The computational approach is the orthodoxy in psychological science. We try and understand the mind using the metaphors of information processing and the storage and retrieval of representations. These ideas are so common that it is easy to forget that there is any alternative. Andrew Wilson is on a mission to remind us that there is an alternative – a radical, non-representational, non-information processing take on what cognition is.
I sent him a few questions by email. After he answered these, and some follow up questions, we’ve both edited and agreed on the result, which you can read below.
Q1. Is it fair to say you are at odds with lots of psychology, theoretically? Can you outline why?
Psychology wants to understand what causes our behaviour. Cognitive psychology explanations are that behaviour is caused by internal states of the mind (or brain, if you like). These states are called mental representations, and they are models/simulations of the world that we use to figure out what to do and when to do it.
Cognitive psychology thinks we have representations because it assumes we have very poor sensory access to the world, e.g. vision supposedly begins with a patchy 2D image projected onto the back of the eye. We need these models to literally fill in the gaps by making an educated guess (‘inference’) about what caused those visual sensations.

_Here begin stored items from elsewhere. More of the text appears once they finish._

definition centre_candidates ::
    "'a set \<Rightarrow> 'a set \<Rightarrow> 'a set set \<Rightarrow> 'a set \<Rightarrow> nat \<Rightarrow> 'a \<Rightarrow> 'a \<Rightarrow> 'a set" where
  "centre_candidates A B E X k x y = {c \<in> A - X. k < codegree E B x c \<and> k < codegree E B y c}"

lemma routing_insertI:
  assumes R: "routing A B E \<phi> p Q P" and "(i, j) \<notin> Q"
    and xs: "four_path A B E (\<phi> ` {0..<p}) (\<phi> i) (\<phi> j) xs"
    and new_disjoint: "\<And>q. q \<in> Q \<Longrightarrow> path_edges xs \<inter> path_edges (P q) = {}"
  shows "routing A B E \<phi> p (insert (i, j) Q) (P((i, j) := xs))"
proof -
  have paths: "\<forall>(k, l)\<in>Q. four_path A B E (\<phi> ` {0..<p}) (\<phi> k) (\<phi> l) (P (k, l))"
    and disjoint: "\<forall>q\<in>Q. \<forall>q'\<in>Q. q \<noteq> q' \<longrightarrow> path_edges (P q) \<inter> path_edges (P q') = {}"
    using R unfolding routing_def by blast+
  show ?thesis
    unfolding routing_def
  proof (intro conjI ballI impI)
    fix q assume "q \<in> insert (i, j) Q"
    then show "case q of (k, l) \<Rightarrow> four_path A B E (\<phi> ` {0..<p}) (\<phi> k) (\<phi> l) ((P((i, j) := xs)) (k, l))"
      using paths xs \<open>(i, j) \<notin> Q\<close> by (cases q) auto
  next
    fix q q' assume "q \<in> insert (i, j) Q" "q' \<in> insert (i, j) Q" "q \<noteq> q'"
    then show "path_edges ((P((i, j) := xs)) q) \<inter> path_edges ((P((i, j) := xs)) q') = {}"
      using disjoint[rule_format, of q q'] new_disjoint[of q] new_disjoint[of q'] \<open>(i, j) \<notin> Q\<close>
      by (auto simp: Int_commute)
  qed
qed

lemma routing_insert:
  assumes AB: "A \<inter> B = {}" and inj: "inj_on \<phi> {0..<p}" and im: "\<phi> ` {0..<p} \<subseteq> A"
    and R: "routing A B E \<phi> p Q P" and Q: "Q \<subseteq> index_pairs p"
    and ij: "(i, j) \<in> index_pairs p" "(i, j) \<notin> Q"
    and centres: "p < card (centre_candidates A B E (\<phi> ` {0..<p}) (3 * p) (\<phi> i) (\<phi> j))"
  shows "\<exists>xs. routing A B E \<phi> p (insert (i, j) Q) (P((i, j) := xs))"
proof -
  have "i < p" "j < p" "0 < p" using ij unfolding index_pairs_def by auto
  have finQ: "finite Q" using Q finite_index_pairs by (rule finite_subset)
  have "card Q \<le> p * p"
    using card_mono[OF _ order.trans[OF Q index_pairs_subset]] by simp
  then obtain c where c: "c \<in> A - \<phi> ` {0..<p}" "3 * p < codegree E B (\<phi> i) c" "3 * p < codegree E B (\<phi> j) c"
    and light: "card {q \<in> Q. P q ! 2 = c} < p"
    using exists_lightly_loaded[OF finQ _ centres \<open>0 < p\<close>, of "\<lambda>q. P q ! 2"]
    unfolding centre_candidates_def by blast
  define U where "U = (\<Union>q\<in>Q. path_edges (P q))"
  have "finite U" unfolding U_def using finQ finite_path_edges by blast
  have "card {x. {c, x} \<in> U} \<le> 2 * card {q \<in> Q. P q ! 2 = c}"
    unfolding U_def using card_routing_edges_at_centre[OF AB R Q c(1)] .
  moreover have "card {x. {\<phi> i, x} \<in> U} \<le> p" "card {x. {\<phi> j, x} \<in> U} \<le> p"
    unfolding U_def using card_routing_edges_at_branch[OF AB inj im R Q] \<open>i < p\<close> \<open>j < p\<close> by auto
  ultimately have "card {x. {\<phi> i, x} \<in> U} + card {x. {c, x} \<in> U} < codegree E B (\<phi> i) c"
    and "card {x. {\<phi> j, x} \<in> U} + card {x. {c, x} \<in> U} + 1 < codegree E B (\<phi> j) c"
    using c(2,3) light by linarith+
  then obtain xs where xs: "four_path A B E (\<phi> ` {0..<p}) (\<phi> i) (\<phi> j) xs" "path_edges xs \<inter> U = {}"
    using exists_four_path_avoiding[OF \<open>finite U\<close> c(1)] by blast
  have "path_edges xs \<inter> path_edges (P q) = {}" if "q \<in> Q" for q
    using xs(2) that unfolding U_def by blast
  then show ?thesis using routing_insertI[OF R ij(2) xs(1)] by blast
qed

lemma routing_exists:
  assumes AB: "A \<inter> B = {}" and inj: "inj_on \<phi> {0..<p}" and im: "\<phi> ` {0..<p} \<subseteq> A"
    and centres: "\<And>i j. (i, j) \<in> index_pairs p \<Longrightarrow>
      p < card (centre_candidates A B E (\<phi> ` {0..<p}) (3 * p) (\<phi> i) (\<phi> j))"
  shows "\<exists>P. routing A B E \<phi> p (index_pairs p) P"
proof -
  have "\<exists>P. routing A B E \<phi> p Q P" if "finite Q" "Q \<subseteq> index_pairs p" for Q
    using that
  proof (induction Q rule: finite_induct)
    case empty
    show ?case by (simp add: routing_def)
  next
    case (insert q Q)
    then obtain P where R: "routing A B E \<phi> p Q P" by blast
    obtain i j where q: "q = (i, j)" by fastforce
    have "(i, j) \<in> index_pairs p" "(i, j) \<notin> Q" "Q \<subseteq> index_pairs p"
      using insert.hyps(2) insert.prems q by auto
    then show ?case using routing_insert[OF AB inj im R] centres q by blast
  qed
  then show ?thesis using finite_index_pairs by blast
qed

lemma has_K3_immersion_if_routing:
  assumes AB: "A \<inter> B = {}" and inj: "inj_on \<phi> {0..<p}" and im: "\<phi> ` {0..<p} \<subseteq> A"
    and R: "routing A B E \<phi> p (index_pairs p) P"
  shows "has_K3_immersion (A \<union> B) E p"
proof -
  have paths: "\<forall>i j. i < j \<and> j < p \<longrightarrow>
      is_path E (P (i, j)) \<and> length (P (i, j)) = 5 \<and> hd (P (i, j)) = \<phi> i \<and> last (P (i, j)) = \<phi> j"
  proof (intro allI impI)
    fix i j assume ij: "i < j \<and> j < p"
    then have "four_path A B E (\<phi> ` {0..<p}) (\<phi> i) (\<phi> j) (P (i, j))"
      using R unfolding routing_def index_pairs_def by auto
    moreover have "\<phi> i \<noteq> \<phi> j" using ij by (simp add: inj_on_eq_iff[OF inj])
    ultimately show "is_path E (P (i, j)) \<and> length (P (i, j)) = 5 \<and>
        hd (P (i, j)) = \<phi> i \<and> last (P (i, j)) = \<phi> j"
      using four_path_is_path[OF AB _ im] ij by auto
  qed
  have "\<forall>q\<in>index_pairs p. \<forall>q'\<in>index_pairs p. q \<noteq> q' \<longrightarrow> path_edges (P q) \<inter> path_edges (P q') = {}"
    using R unfolding routing_def by blast
  then have disjoint: "\<forall>i j k l. i < j \<and> j < p \<and> k < l \<and> l < p \<and> (i, j) \<noteq> (k, l) \<longrightarrow>
      path_edges (P (i, j)) \<inter> path_edges (P (k, l)) = {}"
    unfolding index_pairs_def by simp
  show ?thesis unfolding has_K3_immersion_def
    by (intro exI[of _ \<phi>] exI[of _ "\<lambda>i j. P (i, j)"]) (use inj im paths disjoint in auto)
qed

lemma has_K3_immersion_if_many_centres:
  assumes bip: "bipartite_graph A B E" and S: "S \<subseteq> A" "card S = p"
    and centres: "\<And>x y. x \<in> S \<Longrightarrow> y \<in> S \<Longrightarrow> x \<noteq> y \<Longrightarrow>
      p < card (centre_candidates A B E S (3 * p) x y)"
  shows "has_K3_immersion (A \<union> B) E p"
proof -
  have AB: "A \<inter> B = {}" and "finite A" using bip unfolding bipartite_graph_def by auto
  then have "finite S" using S(1) finite_subset by blast
  then obtain \<phi> where "bij_betw \<phi> {0..<p} S" using ex_bij_betw_nat_finite S(2) by blast
  then have inj: "inj_on \<phi> {0..<p}" and im: "\<phi> ` {0..<p} = S" by (auto simp: bij_betw_def)
  have "\<exists>P. routing A B E \<phi> p (index_pairs p) P"
  proof (rule routing_exists[OF AB inj])
    show "\<phi> ` {0..<p} \<subseteq> A" using im S(1) by simp
    fix i j assume "(i, j) \<in> index_pairs p"
    then have "\<phi> i \<in> S" "\<phi> j \<in> S" "\<phi> i \<noteq> \<phi> j"
      using im inj_on_eq_iff[OF inj] unfolding index_pairs_def by auto
    then show "p < card (centre_candidates A B E (\<phi> ` {0..<p}) (3 * p) (\<phi> i) (\<phi> j))"
      using centres im by simp
  qed
  then show ?thesis using has_K3_immersion_if_routing[OF AB inj] im S(1) by blast
qed

lemma exists_large_nbhd_with_few_sparse_pairs:
  assumes bip: "bipartite_graph A B E" and "0 < p"
    and p: "real p \<le> min (edge_density A B E * real (card A) / 16)
                         ((edge_density A B E)\<^sup>2 * real (card B) / 192)"
  defines "D \<equiv> (edge_density A B E)\<^sup>2 * real (card B) / 16"
  shows "\<exists>h\<in>B. 8 * p \<le> card (nbhd E A h) \<and>
           8 * card {(x, y) \<in> nbhd E A h \<times> nbhd E A h. real (codegree E B x y) < D}
             \<le> (card (nbhd E A h))\<^sup>2"
proof -
  define \<alpha> where "\<alpha> = edge_density A B E"
  have p_A: "16 * real p \<le> \<alpha> * real (card A)" using p unfolding \<alpha>_def by auto
  then have "\<alpha> * real (card A) > 0" using \<open>0 < p\<close> by linarith
  then have "card A \<noteq> 0" "card B \<noteq> 0"
    unfolding \<alpha>_def edge_density_def by (auto split: if_split_asm simp: zero_less_divide_iff)
  then have "A \<noteq> {}" "B \<noteq> {}" by auto
  then obtain h where "h \<in> B" and few_sparse:
    "8 * real (card {(x, y) \<in> nbhd E A h \<times> nbhd E A h. real (codegree E B x y) < D})
       + (\<alpha> * real (card A))\<^sup>2 / 2 \<le> (real (card (nbhd E A h)))\<^sup>2"
    using exists_vertex_with_few_sparse_pairs[OF bip] unfolding D_def \<alpha>_def by blast
  have "(16 * real p)\<^sup>2 \<le> (\<alpha> * real (card A))\<^sup>2"
    using p_A by (intro power_mono) auto
  then have "(8 * real p)\<^sup>2 \<le> (\<alpha> * real (card A))\<^sup>2 / 2"
    unfolding power_mult_distrib by simp (use zero_le_power2[of "real p"] in linarith)
  then have "(8 * real p)\<^sup>2 \<le> (real (card (nbhd E A h)))\<^sup>2" using few_sparse by simp
  then have "8 * real p \<le> real (card (nbhd E A h))" by (rule power2_le_imp_le) simp
  moreover have "0 \<le> (\<alpha> * real (card A))\<^sup>2 / 2" by simp
  then have "8 * real (card {(x, y) \<in> nbhd E A h \<times> nbhd E A h. real (codegree E B x y) < D})
      \<le> (real (card (nbhd E A h)))\<^sup>2"
    using few_sparse by linarith
  ultimately show ?thesis using \<open>h \<in> B\<close> by (intro bexI[of _ h]) (simp_all flip: of_nat_power)
qed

My approach is called radical embodied cognitive psychology; ‘radical’ just means ‘no representations’. It is based on the work of James J Gibson. He was a perceptual psychologist who demonstrated that there is actually rich perceptual information about the world, and that we use this information. This is why perception and action are so amazingly successful most of the time, which is important because failures of perception have serious consequences for your health and wellbeing (e.g. falling on ice)
The most important consequence of this discovery is that when we have access to this information, we don’t need those internal models anymore. This then means that whatever the brain is doing, it’s not building models of the world in order to cause our behaviour. We are embedded in our environments and our behaviour is caused by the nature of that embedding (specifically, which information variables we are using for any given task).
So I ask very different questions than the typical psychologist: instead of ‘what mental model lets me solve this task?’ I ask ‘what information is there to support the observed behaviour and can I find evidence that we use it?’. When we get the right answer to the information question, we have great success in explaining and then predicting behaviour, which is actually the goal of psychology.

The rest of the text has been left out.